Eight months later, it did. Rodgers is serving a minimum of 30 years in prison for the June 2007 attack.

When she set out to write the book three years later with only limited vision in one eye, she stalled when it came time to explain what Rodgers had done to her that night. She had to coach herself through it.

‘Alone at my magnifying machine, I felt physically ill with what I was doing,’ she wrote.

‘The experience of reliving that night, trying to capture every detail as vividly as I remembered it, was sickening. Halfway through, I let my pen drop and rushed to my bedroom, the edges of my limited vision blackening.’

It took her two days to write it. It was scary, but it was what she wanted to do, she said. She talked out the rest of the book and recorded it. She hired Writers of the Round Table Press to write it all down, including dialogue she had recalled.

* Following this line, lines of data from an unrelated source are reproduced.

(* Write A_k(x) = sum_{j in S_k} w^{S_k}_j x_j for the left-hand side of the constraint of S_k.
   By induction on k the reduced costs are c^{S_k}_j = nu^{S_k}_j w^{S_k}_j, so one step of their
   recursion splits sum_{j in S_k} c^{S_k}_j x_j into nu_{pi_k} (A_k(x) - A_{k+1}(x)) plus the
   corresponding sum over S_{k+1}.  Telescoping gives, for every x,
     c x = sum_{k<=m} nu_{pi_k} (A_k(x) - A_{k+1}(x)) + sum_{j in S_{m+1}} c^{S_{m+1}}_j x_j.
   For m = n, summation by parts rewrites the right-hand side as
   nu_{pi_1} A_1(x) + sum_{k>=2} (nu_{pi_k} - nu_{pi_{k-1}}) A_k(x).  Admissibility makes these
   coefficients nonnegative, while on P(F) we have A_1(x) = b^J and A_k(x) >= b^{S_k}, with equality
   throughout for x^pi; hence x^pi is optimal, and evaluating the identity at x^pi gives the claim. *)

lemma feasible_family_ground_set:
  assumes "feasible_family J F"
  shows "J \<in> F"
proof -
  have fin: "finite J" and sub: "F \<subseteq> Pow J" and empty: "{} \<in> F"
    and ext: "\<And>S. S \<in> F \<Longrightarrow> S \<noteq> J \<Longrightarrow> \<exists>j. j \<notin> S \<and> j \<in> J \<and> insert j S \<in> F"
    using assms unfolding feasible_family_def by auto
  have "J \<in> F" if "S \<in> F" for S
    using that
  proof (induction "card (J - S)" arbitrary: S)
    case 0
    with fin sub have "S = J" by auto
    with 0 show ?case by simp
  next
    case (Suc d)
    then obtain j where j: "j \<notin> S" "j \<in> J" "insert j S \<in> F"
      using ext by fastforce
    have "J - insert j S = (J - S) - {j}" by auto
    with Suc.hyps(2) fin j have "d = card (J - insert j S)" by simp
    with Suc.hyps(1) j show ?case by blast
  qed
  with empty show ?thesis by blast
qed

lemma upper_triangular_system_solvable:
  fixes a :: "nat \<Rightarrow> nat \<Rightarrow> real"
  assumes "\<And>k. k \<in> {m..n} \<Longrightarrow> a k k \<noteq> 0"
  shows "\<exists>y. \<forall>k\<in>{m..n}. (\<Sum>l=k..n. a k l * y l) = r k"
  using assms
proof (induction "Suc n - m" arbitrary: m)
  case 0
  then show ?case by auto
next
  case (Suc d)
  then obtain y where y: "\<forall>k\<in>{Suc m..n}. (\<Sum>l=k..n. a k l * y l) = r k"
    by fastforce
  define y' where "y' = y(m := (r m - (\<Sum>l=Suc m..n. a m l * y l)) / a m m)"
  have m: "m \<le> n" using Suc.hyps(2) by simp
  have tail: "(\<Sum>l=k..n. a i l * y' l) = (\<Sum>l=k..n. a i l * y l)" if "Suc m \<le> k" for i k
    using that by (intro sum.cong) (auto simp: y'_def)
  have "(\<Sum>l=k..n. a k l * y' l) = r k" if k: "k \<in> {m..n}" for k
  proof (cases "k = m")
    case True
    have "(\<Sum>l=m..n. a m l * y' l) = a m m * y' m + (\<Sum>l=Suc m..n. a m l * y l)"
      using m tail by (simp add: sum.atLeast_Suc_atMost)
    with True Suc.prems m show ?thesis by (simp add: y'_def)
  next
    case False
    with k y tail show ?thesis by simp
  qed
  then show ?case by blast
qed

lemma upper_triangular_system_unique:
  fixes a :: "nat \<Rightarrow> nat \<Rightarrow> real"
  assumes "\<And>k. k \<in> {m..n} \<Longrightarrow> a k k \<noteq> 0"
    and "\<And>k. k \<in> {m..n} \<Longrightarrow> (\<Sum>l=k..n. a k l * y l) = r k"
    and "\<And>k. k \<in> {m..n} \<Longrightarrow> (\<Sum>l=k..n. a k l * z l) = r k"
  shows "\<forall>k\<in>{m..n}. y k = z k"
  using assms
proof (induction "Suc n - m" arbitrary: m)
  case 0
  then show ?case by auto
next
  case (Suc d)
  then have m: "m \<le> n" by simp
  have tail: "\<forall>k\<in>{Suc m..n}. y k = z k"
    by (intro Suc.hyps(1)) (use Suc.hyps(2) Suc.prems in auto)
  have "a m m * y m + (\<Sum>l=Suc m..n. a m l * y l) = a m m * z m + (\<Sum>l=Suc m..n. a m l * z l)"
    using Suc.prems(2,3)[of m] m by (simp add: sum.atLeast_Suc_atMost)
  moreover have "(\<Sum>l=Suc m..n. a m l * y l) = (\<Sum>l=Suc m..n. a m l * z l)"
    using tail by simp
  ultimately have "y m = z m" using Suc.prems(1)[of m] m by simp
  with tail m show ?case by (simp add: Icc_eq_insert_lb_nat)
qed

lemma sum_weighted_differences_mono:
  fixes \<nu> A B :: "nat \<Rightarrow> real"
  assumes \<nu>_mono: "\<And>k. 1 \<le> k \<Longrightarrow> k < n \<Longrightarrow> \<nu> k \<le> \<nu> (Suc k)"
    and first: "A 1 = B 1" and last: "A (Suc n) = B (Suc n)"
    and le: "\<And>k. 2 \<le> k \<Longrightarrow> k \<le> n \<Longrightarrow> B k \<le> A k"
  shows "(\<Sum>k=1..n. \<nu> k * (B k - B (Suc k))) \<le> (\<Sum>k=1..n. \<nu> k * (A k - A (Suc k)))"
proof -
  define d where "d k = A k - B k" for k
  have partial: "- \<nu> i * d (Suc i) \<le> (\<Sum>k=1..i. \<nu> k * (d k - d (Suc k)))" if "i \<le> n" for i
    using that
  proof (induction i)
    case 0
    then show ?case using first by (simp add: d_def)
  next
    case (Suc i)
    have "0 \<le> (\<nu> (Suc i) - \<nu> i) * d (Suc i)"
    proof (cases "i = 0")
      case True
      then show ?thesis using first by (simp add: d_def)
    next
      case False
      then show ?thesis using \<nu>_mono[of i] le[of "Suc i"] Suc.prems by (simp add: d_def)
    qed
    with Suc show ?case by (simp add: algebra_simps)
  qed
  have "(\<Sum>k=1..n. \<nu> k * (A k - A (Suc k))) - (\<Sum>k=1..n. \<nu> k * (B k - B (Suc k)))
      = (\<Sum>k=1..n. \<nu> k * (d k - d (Suc k)))"
    by (simp add: d_def sum_subtractf[symmetric] algebra_simps)
  with partial[of n] last show ?thesis by (simp add: d_def)
qed

locale AG2_setting =
  fixes J :: "'a set" and F :: "'a set set" and w :: "'a set \<Rightarrow> 'a \<Rightarrow> real"
    and c :: "'a \<Rightarrow> real" and \<pi> :: "nat \<Rightarrow> 'a"
  assumes fam: "feasible_family J F"
    and w_pos: "\<And>S j. S \<in> F \<Longrightarrow> j \<in> S \<Longrightarrow> 0 < w S j"
    and run: "AG2_run J F w c \<pi>"
begin

abbreviation "n \<equiv> card J"
abbreviation "S k \<equiv> Sk \<pi> n k"
abbreviation "\<nu> k \<equiv> AG2_nu J w c \<pi> k"

lemma bij: "bij_betw \<pi> {1..n} J"
  using run unfolding AG2_run_def by blast

lemma pivot_lower_bd: "1 \<le> k \<Longrightarrow> k \<le> n \<Longrightarrow> \<pi> k \<in> lower_bd F (S k)"
  using run unfolding AG2_run_def by simp

lemma inj: "inj_on \<pi> {1..n}"
  using bij bij_betw_imp_inj_on by blast

lemma S_1: "S 1 = J"
  using bij unfolding Sk_def bij_betw_def by blast

lemma S_Suc_n: "S (Suc n) = {}"
  unfolding Sk_def by simp

lemma S_Suc_subset: "S (Suc k) \<subseteq> S k"
  unfolding Sk_def by auto

lemma S_insert: "1 \<le> k \<Longrightarrow> k \<le> n \<Longrightarrow> S k = insert (\<pi> k) (S (Suc k))"
  unfolding Sk_def by (metis Icc_eq_insert_lb_nat image_insert)

lemma pivot_notin_S_Suc: "1 \<le> k \<Longrightarrow> k \<le> n \<Longrightarrow> \<pi> k \<notin> S (Suc k)"
  unfolding Sk_def using inj by (subst inj_on_image_mem_iff[of _ "{1..n}"]) auto

lemma S_neq_J: "2 \<le> k \<Longrightarrow> k \<le> n \<Longrightarrow> S k \<noteq> J"
proof
  assume k: "2 \<le> k" "k \<le> n" and "S k = J"
  then have "\<pi> 1 \<in> \<pi> ` {k..n}" using bij bij_betwE unfolding Sk_def by fastforce
  with k inj show False by (subst (asm) inj_on_image_mem_iff[of _ "{1..n}"]) auto
qed

lemma S_in_F:
  assumes "1 \<le> k" "k \<le> Suc n"
  shows "S k \<in> F"
  using assms(1)
proof (induction k rule: dec_induct)
  case base
  then show ?case using S_1 feasible_family_ground_set[OF fam] by simp
next
  case (step i)
  then have "\<pi> i \<in> lower_bd F (S i)" using pivot_lower_bd assms(2) by simp
  then have "S i - {\<pi> i} \<in> F" unfolding lower_bd_def by blast
  moreover have "S i - {\<pi> i} = S (Suc i)"
    using S_insert[of i] pivot_notin_S_Suc[of i] step.hyps assms(2) by auto
  ultimately show ?case by simp
qed

lemma w_S_pos:
  assumes "1 \<le> k" and j: "j \<in> S k"
  shows "0 < w (S k) j"
proof -
  from j have "k \<le> n" unfolding Sk_def by auto
  with assms show ?thesis using S_in_F w_pos by simp
qed

lemma full_string: "full_string J F \<pi>"
  unfolding full_string_def using bij S_in_F by auto

lemma redc_eq_agnu_mult:
  "1 \<le> k \<Longrightarrow> j \<in> S k \<Longrightarrow> redc w c \<pi> n k j = agnu w c \<pi> n k j * w (S k) j"
proof (induction k arbitrary: j rule: dec_induct)
  case base
  then show ?case using w_S_pos[of 1 j] by simp
next
  case (step i)
  have j: "j \<in> S i" using step.prems S_Suc_subset by blast
  have "Suc i \<le> n" using step.prems unfolding Sk_def by auto
  then have p: "\<pi> i \<in> S i" using step.hyps S_insert[of i] by auto
  show ?case
    using step.hyps step.IH[OF j] step.IH[OF p]
      w_S_pos[of i j] w_S_pos[of "Suc i" j] w_S_pos[of i "\<pi> i"] j p step.prems
    by (cases i) (auto simp: field_simps)
qed

lemma pivot_redc: "1 \<le> k \<Longrightarrow> k \<le> n \<Longrightarrow> redc w c \<pi> n k (\<pi> k) = \<nu> k * w (S k) (\<pi> k)"
  using redc_eq_agnu_mult[of k "\<pi> k"] S_insert[of k] unfolding AG2_nu_def by simp

lemma redc_Suc:
  assumes "1 \<le> k" "k \<le> n"
  shows "redc w c \<pi> n (Suc k) j = redc w c \<pi> n k j - \<nu> k * (w (S k) j - w (S (Suc k)) j)"
proof -
  have "0 < w (S k) (\<pi> k)" using assms w_S_pos[of k "\<pi> k"] S_insert[of k] by auto
  with pivot_redc[OF assms] have "redc w c \<pi> n k (\<pi> k) / w (S k) (\<pi> k) = \<nu> k" by simp
  moreover obtain i where "k = Suc i" using assms by (cases k) auto
  ultimately show ?thesis by simp
qed

definition wsum :: "('a \<Rightarrow> real) \<Rightarrow> nat \<Rightarrow> real" where
  "wsum x k = (\<Sum>j\<in>S k. w (S k) j * x j)"

lemma sum_redc_Suc:
  assumes k: "1 \<le> k" "k \<le> n"
  shows "(\<Sum>j\<in>S k. redc w c \<pi> n k j * x j)
    = \<nu> k * (wsum x k - wsum x (Suc k)) + (\<Sum>j\<in>S (Suc k). redc w c \<pi> n (Suc k) j * x j)"
proof -
  let ?T = "S (Suc k)"
  have fin: "finite ?T" unfolding Sk_def by simp
  have split: "(\<Sum>j\<in>S k. f j) = f (\<pi> k) + (\<Sum>j\<in>?T. f j)" for f :: "'a \<Rightarrow> real"
    using S_insert[OF k] pivot_notin_S_Suc[OF k] fin by simp
  have "(\<Sum>j\<in>?T. redc w c \<pi> n k j * x j)
      = (\<Sum>j\<in>?T. \<nu> k * (w (S k) j * x j) - \<nu> k * (w ?T j * x j)
                     + redc w c \<pi> n (Suc k) j * x j)"
    by (intro sum.cong refl) (simp add: redc_Suc[OF k] algebra_simps del: redc.simps)
  then have "(\<Sum>j\<in>S k. redc w c \<pi> n k j * x j)
      = \<nu> k * w (S k) (\<pi> k) * x (\<pi> k)
        + (\<Sum>j\<in>?T. \<nu> k * (w (S k) j * x j) - \<nu> k * (w ?T j * x j)
                     + redc w c \<pi> n (Suc k) j * x j)"
    using split pivot_redc[OF k] by (simp del: redc.simps)
  also have "\<dots> = \<nu> k * (w (S k) (\<pi> k) * x (\<pi> k) + (\<Sum>j\<in>?T. w (S k) j * x j))
        - \<nu> k * (\<Sum>j\<in>?T. w ?T j * x j) + (\<Sum>j\<in>?T. redc w c \<pi> n (Suc k) j * x j)"
    by (simp add: sum.distrib sum_subtractf sum_distrib_left algebra_simps)
  finally show ?thesis unfolding wsum_def split[of "\<lambda>j. w (S k) j * x j"] by (simp add: algebra_simps)
qed

lemma cost_decomposition:
  "m \<le> n \<Longrightarrow> (\<Sum>j\<in>J. c j * x j)
    = (\<Sum>k=1..m. \<nu> k * (wsum x k - wsum x (Suc k)))
      + (\<Sum>j\<in>S (Suc m). redc w c \<pi> n (Suc m) j * x j)"
proof (induction m)
  case 0
  then show ?case using S_1 by simp
next
  case (Suc m)
  then show ?case using sum_redc_Suc[of "Suc m" x] by (simp del: redc.simps)
qed

lemma cost_telescoped: "(\<Sum>j\<in>J. c j * x j) = (\<Sum>k=1..n. \<nu> k * (wsum x k - wsum x (Suc k)))"
  using cost_decomposition[of n x] S_Suc_n by simp

lemma wsum_eq_sum_upto: "1 \<le> k \<Longrightarrow> wsum x k = (\<Sum>l=k..n. w (S k) (\<pi> l) * x (\<pi> l))"
  unfolding wsum_def Sk_def using inj by (subst sum.reindex) (auto intro: inj_on_subset)

lemma ex1_xpi_system:
  "\<exists>!x. (\<forall>k\<in>{1..n}. (\<Sum>l=k..n. w (S k) (\<pi> l) * x (\<pi> l)) = b (S k))
      \<and> (\<forall>j. j \<notin> J \<longrightarrow> x j = 0)"
    (is "\<exists>!x. ?solves x")
proof -
  let ?a = "\<lambda>k l. w (S k) (\<pi> l)"
  have diag: "?a k k \<noteq> 0" if "k \<in> {1..n}" for k
    using that w_S_pos[of k "\<pi> k"] S_insert[of k] by auto
  obtain y where y: "\<forall>k\<in>{1..n}. (\<Sum>l=k..n. ?a k l * y l) = b (S k)"
    using upper_triangular_system_solvable[where m=1 and n=n and a="?a" and r="\<lambda>k. b (S k)"] diag
    by blast
  define x where "x j = (if j \<in> J then y (the_inv_into {1..n} \<pi> j) else 0)" for j
  have x_\<pi>: "x (\<pi> l) = y l" if "l \<in> {1..n}" for l
    using that bij inj the_inv_into_f_f bij_betwE unfolding x_def by fastforce
  have "?solves x"
  proof (intro conjI ballI allI impI)
    fix k
    assume k: "k \<in> {1..n}"
    then have "(\<Sum>l=k..n. ?a k l * x (\<pi> l)) = (\<Sum>l=k..n. ?a k l * y l)"
      using x_\<pi> by (intro sum.cong) auto
    with y k show "(\<Sum>l=k..n. ?a k l * x (\<pi> l)) = b (S k)" by simp
  qed (simp add: x_def)
  moreover have "x' = x" if "?solves x'" for x'
  proof
    fix j
    show "x' j = x j"
    proof (cases "j \<in> J")
      case True
      then obtain l where l: "l \<in> {1..n}" "j = \<pi> l" using bij unfolding bij_betw_def by blast
      have "\<forall>l\<in>{1..n}. x' (\<pi> l) = y l"
        using upper_triangular_system_unique[where m=1 and n=n and a="?a"
            and y="\<lambda>l. x' (\<pi> l)" and z=y and r="\<lambda>k. b (S k)"] diag that y by auto
      with l x_\<pi> show ?thesis by simp
    next
      case False
      with that show ?thesis by (simp add: x_def)
    qed
  qed
  ultimately show ?thesis by blast
qed

lemma wsum_xpi: "1 \<le> k \<Longrightarrow> k \<le> n \<Longrightarrow> wsum (xpi J b w \<pi>) k = b (S k)"
  using theI'[OF ex1_xpi_system] unfolding xpi_def by (simp add: wsum_eq_sum_upto)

‘I was paying attention, because some of it I couldn’t forget if I wanted to,’ she said.

She writes about facing Rodgers in court, how she dealt with being blind and disfigured, her pain, the help she has received from her community, family and friends, and how she came to forgive the man who maimed her so she could get on with her own life.

‘That’s where I feel people get stuck because we don’t have a segment of our society that says just because this terrible thing happened to you it doesn’t have to ruin the rest of your life,’ she said. ‘And I want to be the example of that because it doesn’t.’

Publishing the book was a no-brainer for Writers of the Round Table Press, said vice president David Cohen.

‘Taking that kind of experience and turning that energy into something positive and wanting to go out there and effect change with as much as she had to overcome, to me was just striking,’ Cohen said.

She has had several recent surgeries to install a catheter in her chest and was sick last winter with hyperthyroidism.

She has plans to write other books and has started a blog on the book’s website, in a bid to share her positive attitude with others.